### Material for this task
definition Flt :: "'n::finite itself \<Rightarrow> ereal" where
  "Flt _ = Sup {ereal (lattice_width K) | K :: (real^'n) set.
       K \<noteq> {} \<and> compact K \<and> convex K \<and> K \<inter> lattice = {}}"

end

theory Submission
  imports Defs
begin

text \<open>Let \<open>x\<^sub>0\<close> be a lattice point of \<open>P\<close> and \<open>k = d/2\<close>. The lattice vectors \<open>z\<close> with
  \<open>x\<^sub>0 + k z \<in> P\<close> span \<open>\<real>\<^sup>d\<close>: otherwise a functional \<open>h \<noteq> 0\<close> vanishes on all of them; if \<open>h\<close>
  is maximised on \<open>P\<close> at \<open>p\<close> and \<open>x\<^sub>0\<close> lies in the lower half of \<open>P\<close> in direction \<open>h\<close>, then
  \<open>(5/8 p + 3/8 P - x\<^sub>0) / k\<close> is a lattice-free convex body of width \<open>3/(8k) \<cdot> width P > Flt(d)\<close>.
  So \<open>P\<close> contains \<open>x\<^sub>0 + k \<cdot> conv (0, W)\<close> for a basis \<open>W\<close> of lattice vectors. A lattice point is
  \<open>x\<^sub>0\<close> plus an integer combination of \<open>W\<close> plus a lattice vector \<open>\<Sum> l\<^sub>w w\<close> with \<open>0 \<le> l\<^sub>w \<le> 1\<close>,
  and as \<open>|W| = 2k\<close> either \<open>\<Sum> l\<^sub>w \<le> k\<close> or \<open>\<Sum> (1 - l\<^sub>w) \<le> k\<close>; in both cases the fractional part is
  reached from lattice points of \<open>P\<close>. In dimension one, \<open>P\<close> is a segment between two lattice points
  and the same reduction applies with \<open>k = 1\<close>.\<close>

lemma lattice_add: "x \<in> lattice \<Longrightarrow> y \<in> lattice \<Longrightarrow> x + y \<in> lattice"
  by (auto simp: lattice_def)

lemma lattice_diff: "x \<in> lattice \<Longrightarrow> y \<in> lattice \<Longrightarrow> x - y \<in> lattice"
  by (auto simp: lattice_def)

lemma lattice_scaleR_of_int: "x \<in> lattice \<Longrightarrow> of_int n *\<^sub>R x \<in> lattice"
  by (auto simp: lattice_def)

lemma lattice_sum: "(\<And>w. w \<in> W \<Longrightarrow> f w \<in> lattice) \<Longrightarrow> sum f W \<in> lattice"
  by (induction W rule: infinite_finite_induct) (auto simp: lattice_def)

lemma lattice_nonzero_norm_ge_1:
  assumes "u \<in> lattice" "u \<noteq> 0"
  shows "1 \<le> norm u"
proof -
  obtain i where "u $ i \<noteq> 0" using assms(2) by (metis vec_eq_iff zero_index)
  moreover have "u $ i \<in> \<int>" using assms(1) by (simp add: lattice_def)
  ultimately have "1 \<le> \<bar>u $ i\<bar>" by (simp add: Ints_nonzero_abs_ge1)
  then show ?thesis using component_le_norm_cart[of u i] by linarith
qed

lemma lattice_has_nonzero: "\<exists>u::real^'n. u \<in> lattice \<and> u \<noteq> 0"
proof -
  obtain i :: 'n where True by simp
  have "axis i (1::real) \<in> lattice" by (auto simp: lattice_def axis_def)
  moreover have "axis i (1::real) \<noteq> 0" by (simp add: axis_eq_0_iff)
  ultimately show ?thesis by blast
qed

definition lattice_affine_hull :: "(real^'n) set \<Rightarrow> (real^'n) set" where
  "lattice_affine_hull P = {z. \<exists>T c. finite T \<and> T \<subseteq> P \<inter> lattice \<and>
      (\<Sum>x\<in>T. c x) = (1::int) \<and> (\<Sum>x\<in>T. of_int (c x) *\<^sub>R x) = z}"

lemma spanning_iff_lattice_subset: "spanning P \<longleftrightarrow> lattice \<subseteq> lattice_affine_hull P"
  by (auto simp: spanning_def lattice_affine_hull_def)

lemma lattice_affine_hull_base: "x \<in> P \<Longrightarrow> x \<in> lattice \<Longrightarrow> x \<in> lattice_affine_hull P"
  unfolding lattice_affine_hull_def
  by (intro CollectI exI[of _ "{x}"] exI[of _ "\<lambda>_. 1"]) auto

lemma lattice_affine_hull_affine:
  assumes "a \<in> lattice_affine_hull P" "b \<in> lattice_affine_hull P" "e \<in> lattice_affine_hull P"
  shows "a + b - e \<in> lattice_affine_hull P"
proof -
  obtain Ta ca where a: "finite Ta" "Ta \<subseteq> P \<inter> lattice" "(\<Sum>x\<in>Ta. ca x) = (1::int)"
      "(\<Sum>x\<in>Ta. of_int (ca x) *\<^sub>R x) = a"
    using assms(1) unfolding lattice_affine_hull_def by blast
  obtain Tb cb where b: "finite Tb" "Tb \<subseteq> P \<inter> lattice" "(\<Sum>x\<in>Tb. cb x) = (1::int)"
      "(\<Sum>x\<in>Tb. of_int (cb x) *\<^sub>R x) = b"
    using assms(2) unfolding lattice_affine_hull_def by blast
  obtain Te ce where e: "finite Te" "Te \<subseteq> P \<inter> lattice" "(\<Sum>x\<in>Te. ce x) = (1::int)"
      "(\<Sum>x\<in>Te. of_int (ce x) *\<^sub>R x) = e"
    using assms(3) unfolding lattice_affine_hull_def by blast
  define T where "T = Ta \<union> Tb \<union> Te"
  have fT: "finite T" using a b e by (simp add: T_def)
  have sub: "Ta \<subseteq> T" "Tb \<subseteq> T" "Te \<subseteq> T" by (auto simp: T_def)
  have restrict: "(\<Sum>x\<in>T. if x \<in> U then g x else 0) = sum g U" if "U \<subseteq> T" for U and g :: "_ \<Rightarrow> 'b::comm_monoid_add"
    using sum.inter_restrict[OF fT, of g U] that by (simp add: Int_absorb1)
  define c where "c x = (if x \<in> Ta then ca x else 0) + (if x \<in> Tb then cb x else 0)
      - (if x \<in> Te then ce x else 0)" for x
  have "(\<Sum>x\<in>T. c x) = 1"
    using a b e unfolding c_def sum.distrib sum_subtractf by (simp add: restrict sub)
  moreover have "(\<Sum>x\<in>T. of_int (c x) *\<^sub>R x) = a + b - e"
  proof -
    have split: "of_int (c x) *\<^sub>R x = (if x \<in> Ta then of_int (ca x) *\<^sub>R x else 0)
        + (if x \<in> Tb then of_int (cb x) *\<^sub>R x else 0) - (if x \<in> Te then of_int (ce x) *\<^sub>R x else 0)" for x
      by (simp add: c_def scaleR_left_distrib scaleR_left_diff_distrib)
    show ?thesis
      using a b e unfolding split sum.distrib sum_subtractf by (simp add: restrict sub)
  qed
  moreover have "T \<subseteq> P \<inter> lattice" using a b e by (auto simp: T_def)
  ultimately show ?thesis using fT unfolding lattice_affine_hull_def by blast
qed

lemma lattice_affine_hull_translate_add:
  assumes "x0 \<in> lattice_affine_hull P" "x0 + g \<in> lattice_affine_hull P" "x0 + h \<in> lattice_affine_hull P"
  shows "x0 + (g + h) \<in> lattice_affine_hull P"
  using lattice_affine_hull_affine[OF assms(2,3,1)] by (simp add: algebra_simps)

lemma lattice_affine_hull_translate_diff:
  assumes "x0 \<in> lattice_affine_hull P" "x0 + g \<in> lattice_affine_hull P" "x0 + h \<in> lattice_affine_hull P"
  shows "x0 + (g - h) \<in> lattice_affine_hull P"
  using lattice_affine_hull_affine[OF assms(2,1,3)] by (simp add: algebra_simps)

lemma lattice_affine_hull_translate_of_nat:
  assumes "x0 \<in> lattice_affine_hull P" "x0 + g \<in> lattice_affine_hull P"
  shows "x0 + of_nat n *\<^sub>R g \<in> lattice_affine_hull P"
proof (induction n)
  case 0
  then show ?case using assms by simp
next
  case (Suc n)
  then show ?case
    using lattice_affine_hull_translate_add[OF assms(1) Suc assms(2)] by (simp add: algebra_simps)
qed

lemma lattice_affine_hull_translate_of_int:
  assumes "x0 \<in> lattice_affine_hull P" "x0 + g \<in> lattice_affine_hull P"
  shows "x0 + of_int n *\<^sub>R g \<in> lattice_affine_hull P"
proof (cases n rule: int_cases2)
  case (nonneg m)
  then show ?thesis using lattice_affine_hull_translate_of_nat[OF assms, of m] by simp
next
  case (nonpos m)
  then show ?thesis
    using lattice_affine_hull_affine[OF assms(1) assms(1)
        lattice_affine_hull_translate_of_nat[OF assms, of m]]
    by (simp add: algebra_simps)
qed

lemma lattice_affine_hull_translate_int_comb:
  assumes "finite W" "x0 \<in> lattice_affine_hull P"
    and "\<And>w. w \<in> W \<Longrightarrow> x0 + w \<in> lattice_affine_hull P"
  shows "x0 + (\<Sum>w\<in>W. of_int (n w) *\<^sub>R w) \<in> lattice_affine_hull P"
  using assms(1,3)
proof (induction W rule: finite_induct)
  case empty
  then show ?case using assms(2) by simp
next
  case (insert w W)
  then show ?case
    using lattice_affine_hull_translate_add[OF assms(2)
        lattice_affine_hull_translate_of_int[OF assms(2)] insert.IH]
    by simp
qed

lemma convex_dilated_simplex_subset:
  fixes x0 :: "'a::real_vector"
  assumes "convex P" "x0 \<in> P" "finite W" "k > 0" "\<And>w. w \<in> W \<Longrightarrow> x0 + k *\<^sub>R w \<in> P"
    and "\<forall>w\<in>W. 0 \<le> l w" "sum l W \<le> k"
  shows "x0 + (\<Sum>w\<in>W. l w *\<^sub>R w) \<in> P"
proof (cases "sum l W = 0")
  case True
  then have "\<forall>w\<in>W. l w = 0" using sum_nonneg_eq_0_iff[OF assms(3)] assms(6) by blast
  then show ?thesis using assms(2) by simp
next
  case False
  define s where "s = sum l W"
  have s: "s > 0" using False assms(6) sum_nonneg[of W l] unfolding s_def by force
  have weights: "(\<Sum>w\<in>W. l w / s) = 1" using s by (simp add: s_def flip: sum_divide_distrib)
  have "(\<Sum>w\<in>W. (l w / s) *\<^sub>R (x0 + k *\<^sub>R w)) \<in> P"
    using assms(1,3,5,6) s weights by (intro convex_sum) auto
  moreover have "(\<Sum>w\<in>W. (l w / s) *\<^sub>R (x0 + k *\<^sub>R w)) = x0 + (k / s) *\<^sub>R (\<Sum>w\<in>W. l w *\<^sub>R w)"
    using weights
    by (simp add: scaleR_add_right sum.distrib scaleR_right.sum mult.commute
        flip: scaleR_sum_left)
  ultimately have far: "x0 + (k / s) *\<^sub>R (\<Sum>w\<in>W. l w *\<^sub>R w) \<in> P" by simp
  have "(1 - s/k) *\<^sub>R x0 + (s/k) *\<^sub>R (x0 + (k / s) *\<^sub>R (\<Sum>w\<in>W. l w *\<^sub>R w)) \<in> P"
    using assms(4,7) s by (intro convexD[OF assms(1,2) far]) (auto simp: s_def)
  then show ?thesis using s assms(4) by (simp add: scaleR_add_right scaleR_diff_left)
qed

lemma spanning_if_lattice_affine_hull_covers_parallelepiped:
  fixes P :: "(real^'n) set"
  assumes W: "finite W" "W \<subseteq> lattice" "span W = UNIV" and "x0 \<in> lattice"
    and x0_H: "x0 \<in> lattice_affine_hull P"
    and W_H: "\<And>w. w \<in> W \<Longrightarrow> x0 + w \<in> lattice_affine_hull P"
    and fractional_H: "\<And>l. (\<And>w. 0 \<le> l w \<and> l w \<le> 1) \<Longrightarrow> (\<Sum>w\<in>W. l w *\<^sub>R w) \<in> lattice
      \<Longrightarrow> x0 + (\<Sum>w\<in>W. l w *\<^sub>R w) \<in> lattice_affine_hull P"
  shows "spanning P"
proof -
  let ?H = "lattice_affine_hull P"
  have lattice_H: "x0 + y \<in> ?H" if y: "y \<in> lattice" for y
  proof -
    have "y \<in> range (\<lambda>u. \<Sum>w\<in>W. u w *\<^sub>R w)" using W(3) span_finite[OF W(1)] by simp
    then obtain u where u: "(\<Sum>w\<in>W. u w *\<^sub>R w) = y" by blast
    define l where "l w = u w - \<lfloor>u w\<rfloor>" for w
    have y_split: "y = (\<Sum>w\<in>W. l w *\<^sub>R w) + (\<Sum>w\<in>W. of_int \<lfloor>u w\<rfloor> *\<^sub>R w)"
      unfolding u[symmetric] l_def by (simp add: scaleR_left_diff_distrib sum_subtractf)
    have "(\<Sum>w\<in>W. of_int \<lfloor>u w\<rfloor> *\<^sub>R w) \<in> lattice"
      using W(2) by (intro lattice_sum lattice_scaleR_of_int) auto
    from lattice_diff[OF y this] have "(\<Sum>w\<in>W. l w *\<^sub>R w) \<in> lattice"
      by (simp add: y_split)
    moreover have "0 \<le> l w \<and> l w \<le> 1" for w unfolding l_def by linarith
    ultimately have "x0 + (\<Sum>w\<in>W. l w *\<^sub>R w) \<in> ?H" using fractional_H by blast
    from lattice_affine_hull_translate_add[OF x0_H this
        lattice_affine_hull_translate_int_comb[OF W(1) x0_H W_H]]
    show ?thesis unfolding y_split .
  qed
  have "z \<in> ?H" if "z \<in> lattice" for z
    using lattice_H[OF lattice_diff[OF that \<open>x0 \<in> lattice\<close>]] by simp
  then show ?thesis unfolding spanning_iff_lattice_subset by blast
qed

### Aim of the task
A single figure is the whole answer: the number of lines in the listing that contain the word "True".

### Result of the task
2